Some less salient, but interesting facts:

  • 10) UserA is distressed and asked for help, officially and unofficially, in part how to deal with the unwanted usage, and for better understanding of policy and convention
  • 11) UserA says that English is not his first language, and he doesn't necessarily understand everything that's going on
  • 12) UserA feels that UserB is being "a bit of a jerk" about the entire situation but UserB has consented to update with attribution [Note drifting from fact to characterization: based on UserB's own comments (he appears in the thread later on), I think the problem is misunderstanding followed by standard flame war social dynamics]

The most striking thing here is the contradiction between Fact (3) and (4).

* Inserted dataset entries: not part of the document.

(* Let $0<\epsilon<1$ and let $(G,\lambda^\mu),(G,\lambda^\nu)$ be two hardcore models on $G=(V,E)$, $n=|V|$, with Gibbs distributions $\mu,\nu$, both satisfying the uniqueness condition, with $D:=d_{\mathrm{par}}(\mu,\nu)<\theta:=10^{-10}\frac{\epsilon^{1/4}}{n^{5/2}}$. Let $\kappa=10^{-9}\frac{\epsilon^{1/4}}{n^{3/2}}$, $B=\{v:\min\{\lambda^\mu_v,\lambda^\nu_v\}\ge\kappa\}$, $S=V\setminus B$, and $\Omega_B\subseteq\{\pm1\}^B$ the support of both $\mu_B$ and $\nu_B$. Then for every $x\in\Omega_B$, $d_{TV}(\nu^x_S,\mu^x_S)\le4nD$.
   Context: Hardcore model $(G,\lambda)$: weight on $\sigma\in\{-1,+1\}^V$ is $\prod_{v:\sigma_v=+1}\lambda_v$ if $\{v:\sigma_v=+1\}$ is independent, else $0$; Gibbs distribution is the normalized weight. Uniqueness condition: $\lambda_v\le(1-\eta)\frac{(\Delta-1)^{\Delta-1}}{(\Delta-2)^\Delta}$ for all $v$ for a constant $\eta\in(0,1)$, $\Delta\ge3$ the maximum degree. $d_{\mathrm{par}}(\mu,\nu)=\max_v|\lambda^\mu_v-\lambda^\nu_v|$. $\mu_B$ is the marginal on $B$; $\mu^x_S$ is the distribution on $\{\pm1\}^S$ of $\mu$ conditioned on $x$ on $B$ (similarly for $\nu$). *)

theory Defs
  imports "HOL-Analysis.Analysis"
begin

definition simple_graph :: "'v set \<Rightarrow> ('v \<Rightarrow> 'v \<Rightarrow> bool) \<Rightarrow> bool" where
  "simple_graph V E \<longleftrightarrow> finite V \<and> (\<forall>u v. E u v \<longrightarrow> u \<in> V \<and> v \<in> V)
     \<and> (\<forall>u v. E u v \<longrightarrow> E v u) \<and> (\<forall>v. \<not> E v v)"

definition degree :: "'v set \<Rightarrow> ('v \<Rightarrow> 'v \<Rightarrow> bool) \<Rightarrow> 'v \<Rightarrow> nat" where
  "degree V E v = card {u \<in> V. E v u}"

definition max_degree :: "'v set \<Rightarrow> ('v \<Rightarrow> 'v \<Rightarrow> bool) \<Rightarrow> nat" where
  "max_degree V E = Max (degree V E ` V)"

definition spins :: "'v set \<Rightarrow> ('v \<Rightarrow> int) set" where
  "spins A = PiE A (\<lambda>_. {-1, 1})"

definition indep_set :: "('v \<Rightarrow> 'v \<Rightarrow> bool) \<Rightarrow> 'v set \<Rightarrow> bool" where
  "indep_set E I \<longleftrightarrow> (\<forall>u\<in>I. \<forall>v\<in>I. \<not> E u v)"

definition hc_weight :: "'v set \<Rightarrow> ('v \<Rightarrow> 'v \<Rightarrow> bool) \<Rightarrow> ('v \<Rightarrow> real) \<Rightarrow> ('v \<Rightarrow> int) \<Rightarrow> real" where
  "hc_weight V E lam \<sigma> =
     (if indep_set E {v \<in> V. \<sigma> v = 1} then (\<Prod>v\<in>{v \<in> V. \<sigma> v = 1}. lam v) else 0)"

definition hc_partition :: "'v set \<Rightarrow> ('v \<Rightarrow> 'v \<Rightarrow> bool) \<Rightarrow> ('v \<Rightarrow> real) \<Rightarrow> real" where
  "hc_partition V E lam = (\<Sum>\<sigma>\<in>spins V. hc_weight V E lam \<sigma>)"
(* For $\chi\in\mathcal{A}$ let $R_i^\chi$ ($i=1,2,3$) be the $\mathcal{S}^*_{car}$-radius of $\mathcal{F}_i^\chi$. Then: (a) $\chi(z)=z$: $R_1^\chi=1/(4+\sqrt{17})$, $R_2^\chi=1/(3+2\sqrt3)$, $R_3^\chi=1/(2+\sqrt5)$. (b) $\chi(z)=z/(1+z)$: $R_1^\chi=5-2\sqrt6$, $R_2^\chi=\sqrt{17}-4$, $R_3^\chi=3-2\sqrt2$. (c) $\chi(z)=z/(1-z^2)$: $R_1^\chi=r_1$, $R_2^\chi=r_2$, $R_3^\chi=r_3$, where $r_1,r_2,r_3$ are the smallest positive real roots in $(0,1)$ of $3r^4-8r^3-4r^2-8r+1=0$, $r^4-6r^3-6r^2-6r+1=0$ and $3r^4-4r^3-4r^2-4r+1=0$ respectively ($r_1\approx0.11667$, $r_2\approx0.14326$, $r_3\approx0.20213$). (d) $\chi(z)=z/(1-z)^2$: $R_1^\chi=(6-\sqrt{33})/3$, $R_2^\chi=5-2\sqrt6$, $R_3^\chi=(4-\sqrt{13})/3$. (e) $\chi(z)=z+z^2/2$: $R_1^\chi=s_1$, $R_2^\chi=s_2$, $R_3^\chi=s_3$, where $s_1,s_2,s_3$ are the smallest positive real roots in $(0,1)$ of $3r^3+6r^2-19r+2=0$, $5r^3-15r+2=0$ and $3r^3+2r^2-11r+2=0$ respectively ($s_1\approx0.10924$, $s_2\approx0.13414$, $s_3\approx0.19028$). All estimates are sharp.
   Context: $\mathbb{D}=\{z:|z|<1\}$; $\mathcal{A}$ is the class of analytic $f$ on $\mathbb{D}$ with $f(0)=0$, $f'(0)=1$. $F\prec G$ means $F=G\circ w$ for an analytic $w:\mathbb{D}\to\mathbb{D}$ with $w(0)=0$. $\mathcal{S}^*_{car}$ is the class of $f\in\mathcal{A}$ with $zf'(z)/f(z)\prec 1+z+z^2/2$. For $\chi\in\mathcal{A}$: $\mathcal{F}_1^\chi$ is the class of $f\in\mathcal{A}$ such that $\operatorname{Re}(f(z)/g(z))>0$ on $\mathbb{D}$ for some $g\in\mathcal{A}$ with $\operatorname{Re}(g(z)/\chi(z))>0$ on $\mathbb{D}$; $\mathcal{F}_2^\chi$ is the class of $f\in\mathcal{A}$ such that $|f(z)/g(z)-1|<1$ on $\mathbb{D}$ for some $g\in\mathcal{A}$ with $\operatorname{Re}(g(z)/\chi(z))>0$ on $\mathbb{D}$; $\mathcal{F}_3^\chi$ is the class of $f\in\mathcal{A}$ with $\operatorname{Re}(f(z)/\chi(z))>0$ on $\mathbb{D}$. For a class $\mathcal{F}\subseteq\mathcal{A}$, the $\mathcal{S}^*_{car}$-radius of $\mathcal{F}$ is the supremum of all $r\in(0,1]$ such that $f(rz)/r\in\mathcal{S}^*_{car}$ for every $f\in\mathcal{F}$. *)

theory Defs
  imports "HOL-Analysis.Analysis"
begin

definition classA :: "(complex \<Rightarrow> complex) set" where
  "classA = {f. f holomorphic_on ball 0 1 \<and> f 0 = 0 \<and> deriv f 0 = 1}"

definition subord :: "(complex \<Rightarrow> complex) \<Rightarrow> (complex \<Rightarrow> complex) \<Rightarrow> bool" where
  "subord F G \<longleftrightarrow> (\<exists>w. w holomorphic_on ball 0 1 \<and> w ` ball 0 1 \<subseteq> ball 0 1 \<and> w 0 = 0
      \<and> (\<forall>z\<in>ball 0 1. F z = G (w z)))"

definition logderiv_quot :: "(complex \<Rightarrow> complex) \<Rightarrow> complex \<Rightarrow> complex" where
  "logderiv_quot f z = (if z = 0 then 1 else z * deriv f z / f z)"

definition SstarCar :: "(complex \<Rightarrow> complex) set" where
  "SstarCar = {f. f \<in> classA \<and> (\<forall>z\<in>ball 0 1. z \<noteq> 0 \<longrightarrow> f z \<noteq> 0)
      \<and> subord (logderiv_quot f) (\<lambda>z. 1 + z + z^2/2)}"

text \<open>Quotient conditions are imposed on the punctured disc; at z = 0 the
  quotients have the removable value 1, which satisfies them automatically.\<close>
definition F3 :: "(complex \<Rightarrow> complex) \<Rightarrow> (complex \<Rightarrow> complex) set" where
  "F3 chi = {f. f \<in> classA \<and> (\<forall>z\<in>ball 0 1. z \<noteq> 0 \<longrightarrow> Re (f z / chi z) > 0)}"

definition F1 :: "(complex \<Rightarrow> complex) \<Rightarrow> (complex \<Rightarrow> complex) set" where
  "F1 chi = {f. f \<in> classA \<and> (\<exists>g\<in>F3 chi. \<forall>z\<in>ball 0 1. z \<noteq> 0 \<longrightarrow> Re (f z / g z) > 0)}"

definition F2 :: "(complex \<Rightarrow> complex) \<Rightarrow> (complex \<Rightarrow> complex) set" where
  "F2 chi = {f. f \<in> classA \<and> (\<exists>g\<in>F3 chi. \<forall>z\<in>ball 0 1. z \<noteq> 0 \<longrightarrow> cmod (f z / g z - 1) < 1)}"

definition car_radius :: "(complex \<Rightarrow> complex) set \<Rightarrow> real" where
  "car_radius F = Sup {r. 0 < r \<and> r \<le> 1 \<and>
      (\<forall>f\<in>F. (\<lambda>z. f (complex_of_real r * z) / complex_of_real r) \<in> SstarCar)}"

end

theory Submission
  imports Defs "HOL-Complex_Analysis.Complex_Analysis"
begin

It seems that UserA does not understand that in using this particular CC license, he loses control over (4), providing that licensees adhere to terms (which according to (12) should be the case by now). Is there a problem with licensors nonchalantly choosing CC licenses without considering or understanding all the ramifications of thee licenses? (I'm sure there is always going to be some degree of such problems, but how widespread are they among the many people who are not used to thinking in terms of Copyright licensing?)

Is there a problem with the fact that Flickr makes it easy to tag with attribution-required licenses, even though the way the service is structured cannot really enforce or ensure attribution (5)?

To what extent are CC licenses applied using technological metadata tagging means legally trumped by separately and explicitly stated means of the licensor? In this case, UserA has tagged his photos with a license, but has also informally expressed a desire for more stringent restrictions than those expressed in the tags. What restrictions are legally enforceable in this case?

One matter that came up is pretty much an entirely separate discussion on its own. It seems that Flickr purposely does not allow people to specify photos as public domain, for reasons that really seem a bit fuzzy to me.

Based on reading Flickr staff responses in this thread, they really don't know answers to such questions any more than I do. Some seemed remarkably muddled in their responses, and some gave responses that I think are plain wrong. Most of these discrepancies do get hashed out in the thread, though, and I hasten to add that Flickr staff seem to be genuinely concerned about sorting this all out based on what I read. I suspect that the entire situation just dredges up a ton of issues regarding the intellectual commons that no one really fully understands yet.

[Uche Ogbuji]

via Copia
2 responses
IANAL, TINLA, but in general the person who offers a contract of adhesion (no negotiations, take it or leave it) will not be heard in court to say "But I didn't mean what I said".  The other party, the one who gets no choice about the matter, is entitled to rely on the plain language of the contract.



This general rule begs the question of whether this rule applies when the licensor chooses the license but not its exact terms.  I don't know the answer.



As for the public domain, it's debatable (and debated) whether it's even possible to put things into the public domain deliberately (rather than by the passage of years).  Some lawyers say yes, others say no.  Infinite are the arguments of mages.